Episode 32

451 27 6
                                    

Bölüm Şarkısı: Ashe - Moral Of The Story

Aşk duyguların en güçlüsü derken kimse şaka yapmıyordu veya bu iddianın arkası kesinlikle boş değildi. 

En güçlü duygunun da ağırlığını acı bir şekilde öğrenmiştim. Tıpkı diğerleri gibi.

Güvendiğim,sevdiğim kişilerin ellerinin tek tek avuçlarımın arasından kayışını izlemiştim. Yıllar önce,günler önce ve saatler önce. 

Evden kaçmıştım. Evet,belki en büyük aptallığı yapmıştım o kapıdan herkes uyurken sıvışmakla ancak ne düşüneceğimi bile bilemez haldeydim. İçimde tozlu fırtınalar kopsa da dışımdan o kadar sakindim ki yıllar öncesine dönmüşüm gibi hissediyordum. Trafik kazasının olduğu geceye...

Derin bir nefes aldım zorlukla. Boğazımda gittikçe büyüyen bir yumru vardı ve aldığım nefesler bile ciğerimi yakıyor,canımı daha fazla yakmaktan başka bir halta yaramıyordu. 

Çoktan yağıp da durmuş yağmur dolayısıyla çamurlaşan toprak yolda saatlerdir yürüyordum. Üşümüştüm,yorulmuştum ve en önemlisi de nereye gideceğimi bile bilmiyordum. Geri dönemezdim. Gururum buna elvermezdi. Kendi evime de gidemezdim. Çünkü o ev de artık benimmiş gibi hissettirmiyordu. 

Bir yerlerde çakan şimşeğin ışığı ve daha sonrasında gelen gök gürültüsüyle yerimden sıçradım. Etrafı yanan lambaların cılız ışıklarıyla zar zor görüyordum. Evden çıktığımdan beri tek bir arabaya dahi rastlamamıştım ve ana yola daha ulaşamamıştım. Ana yola ulaştığımda Seul'e giden bir araba bulabilir ve ne yapacağımın çaresine orada bakabilirdim. 

Titreşimden çıkarmadığım telefonum montumun cebinde titremeye başladığında arayanın Taehyung olabileceğini düşünüp bakmaya bile tenezzül etmedim ancak ben evden çıktığımda saat gece yarısını çoktan geçmişti ve o evdeki herkes,zil zurna sarhoş olup sızmıştı. Yani kendi kendilerine uyanmaları,çok zor bir ihtimaldi.

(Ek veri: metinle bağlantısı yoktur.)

(* In the setting of the procedure below, the total number of arithmetic operations (divisions, multiplications and subtractions) needed to compute $K^{(N)}_{CC}$ is $O\bigl(\sum_{m=1}^M |R^*_m|\,|C^*_m|^2\bigr)$. In particular, for the $n$-cycle model ($\Delta=\{1,\dots,n\}$, $n\ge 4$, maximal cliques $\{1,2\},\{2,3\},\dots,\{n-1,n\},\{n,1\}$) and any maximal clique $C$, there is a chordal extension and a perfect sequence with $C\subseteq C^*_1$ for which $M=n-2$, $|C^*_m|=3$ and $|R^*_m|=1$ for all $m$, so $((K^{-1})_{CC})^{-1}$ is computed with $O(n)$ arithmetic operations. The procedure: given a graph $\mathcal{G}=(\Delta,E)$, $K\in\mathcal{M}^+(\mathcal{G})$, a maximal clique $C$ of $\mathcal{G}$, a chordal extension $\mathcal{G}^*$ of $\mathcal{G}$ with perfect sequence of maximal cliques $C^*_1,\dots,C^*_M$ satisfying $C\subseteq C^*_1$, $S^*_m:=C^*_m\cap(C^*_1\cup\dots\cup C^*_{m-1})$, $R^*_1:=C^*_1\setminus C$, $R^*_m:=C^*_m\setminus S^*_m$ ($m\ge2$); enumerate $\Delta\setminus C$ as $\delta_1,\dots,\delta_N$ listing $R^*_M$ first, then $R^*_{M-1}$, …, finally $R^*_1$; set $K^{(0)}=K$ and for $i=1,\dots,N$, with $\delta=\delta_i\in R^*_m$ and $Q=C^*_m\setminus\{\delta_1,\dots,\delta_i\}$, replace the $Q\times Q$ block by $K^{(i-1)}_{QQ}-(k^{(i-1)}_{\delta\delta})^{-1}K^{(i-1)}_{Q\delta}K^{(i-1)}_{\delta Q}$.
   Context: For a graph $\mathcal{G}=(\Delta,E)$, $\mathcal{M}^+(\mathcal{G})$ denotes the set of $|\Delta|\times|\Delta|$ real symmetric positive definite matrices $K=(k_{ij})$ with $k_{ij}=0$ whenever $i\neq j$ and $\{i,j\}\notin E$. $A_{\Delta_1\Delta_2}$ denotes the submatrix with rows in $\Delta_1$ and columns in $\Delta_2$. A chordal extension of $\mathcal{G}$ is a chordal graph on $\Delta$ containing all edges of $\mathcal{G}$. A sequence $C^*_1,\dots,C^*_M$ of all maximal cliques of a chordal graph is perfect if for each $m\ge2$ some $m'<m$ has $C^*_{m'}\supseteq C^*_m\cap(C^*_1\cup\dots\cup C^*_{m-1})$. *)

theory Defs
  imports Complex_Main
begin

definition is_graph :: "nat set \<Rightarrow> nat set set \<Rightarrow> bool" where
  "is_graph V E \<longleftrightarrow> finite V \<and>
     (\<forall>e\<in>E. \<exists>x y. x \<noteq> y \<and> x \<in> V \<and> y \<in> V \<and> e = {x, y})"

definition is_clique :: "nat set \<Rightarrow> nat set set \<Rightarrow> nat set \<Rightarrow> bool" where
  "is_clique V E S \<longleftrightarrow> S \<subseteq> V \<and> (\<forall>x\<in>S. \<forall>y\<in>S. x \<noteq> y \<longrightarrow> {x, y} \<in> E)"

definition maximal_clique :: "nat set \<Rightarrow> nat set set \<Rightarrow> nat set \<Rightarrow> bool" where
  "maximal_clique V E S \<longleftrightarrow> is_clique V E S \<and> (\<forall>T. is_clique V E T \<and> S \<subseteq> T \<longrightarrow> T = S)"

definition is_cycle :: "nat set \<Rightarrow> nat set set \<Rightarrow> nat list \<Rightarrow> bool" where
  "is_cycle V E vs \<longleftrightarrow> distinct vs \<and> length vs \<ge> 3 \<and> set vs \<subseteq> V \<and>
     (\<forall>i < length vs. {vs ! i, vs ! ((i + 1) mod length vs)} \<in> E)"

Bu yüzden telefonumu çıkarttım ve fazla ışıktan yanan gözlerimi umursamayı es geçerek ekrana baktım. Kayıtlı olmayan bir numaraydı arayan ancak numarayı tanıyordum. Daha birkaç saat önce bana tüm o mesajları atan numaraydı. 

Hiç düşünmeden aramayı cevapladım ve adımlarım bomboş yolda aniden durduğunda telefonu kulağıma dayadım. 

''Alo?''

İstemsizce kısık ve titrek çıkan sesim karanlığa karışıp giderken merakla karşı taraftan gelecek cevabı bekliyordum. Belki tüm bunları başlatan kişiyi gecenin bir yarısı,berbat bir haldeyken kulağıma sanki düşecekmiş gibi sıkı sıkıya bastırdığım basit bir telefonun ahizesinden duyacağım sesle öğrenecektim. Ancak bilirsiniz benim isteklerim, basit ve boşa olmanın daha ileriye hiçbir zaman geçmezdi.

Duyduğum sesi tanıyamamıştım. Tüm umutlarım yerle bir olduğunda hattın öbür ucundaki erkek sesi tekrardan adımla seslendi. 

''Jungkook,orada mısın?''

''Evet.'' diyebildim sadece buram buram hayal kırıklığı dökülen sesimle. Boş ve karanlık sokakta tekrardan ilerlemeye başladım. Adımlarım önceki gibi aceleci değil aksine oldukça uyuşuktu.

''Hala Daegu'da mısın?'' diye bir soru daha yöneltti. Dudaklarımdan alaylı bir gülüş çıksa da o,bunu umursamayarak vereceğim cevabı bekledi.

''Daegu'da olduğumu nasıl bildiğini sorgulamayacağım.'' derken bu işten oldukça sıkılmıştım. Birileri sürekli benim nasıl olduğunu bile anlayamadığım bir şekilde her şeyi biliyor,her şeyi öğreniyordu.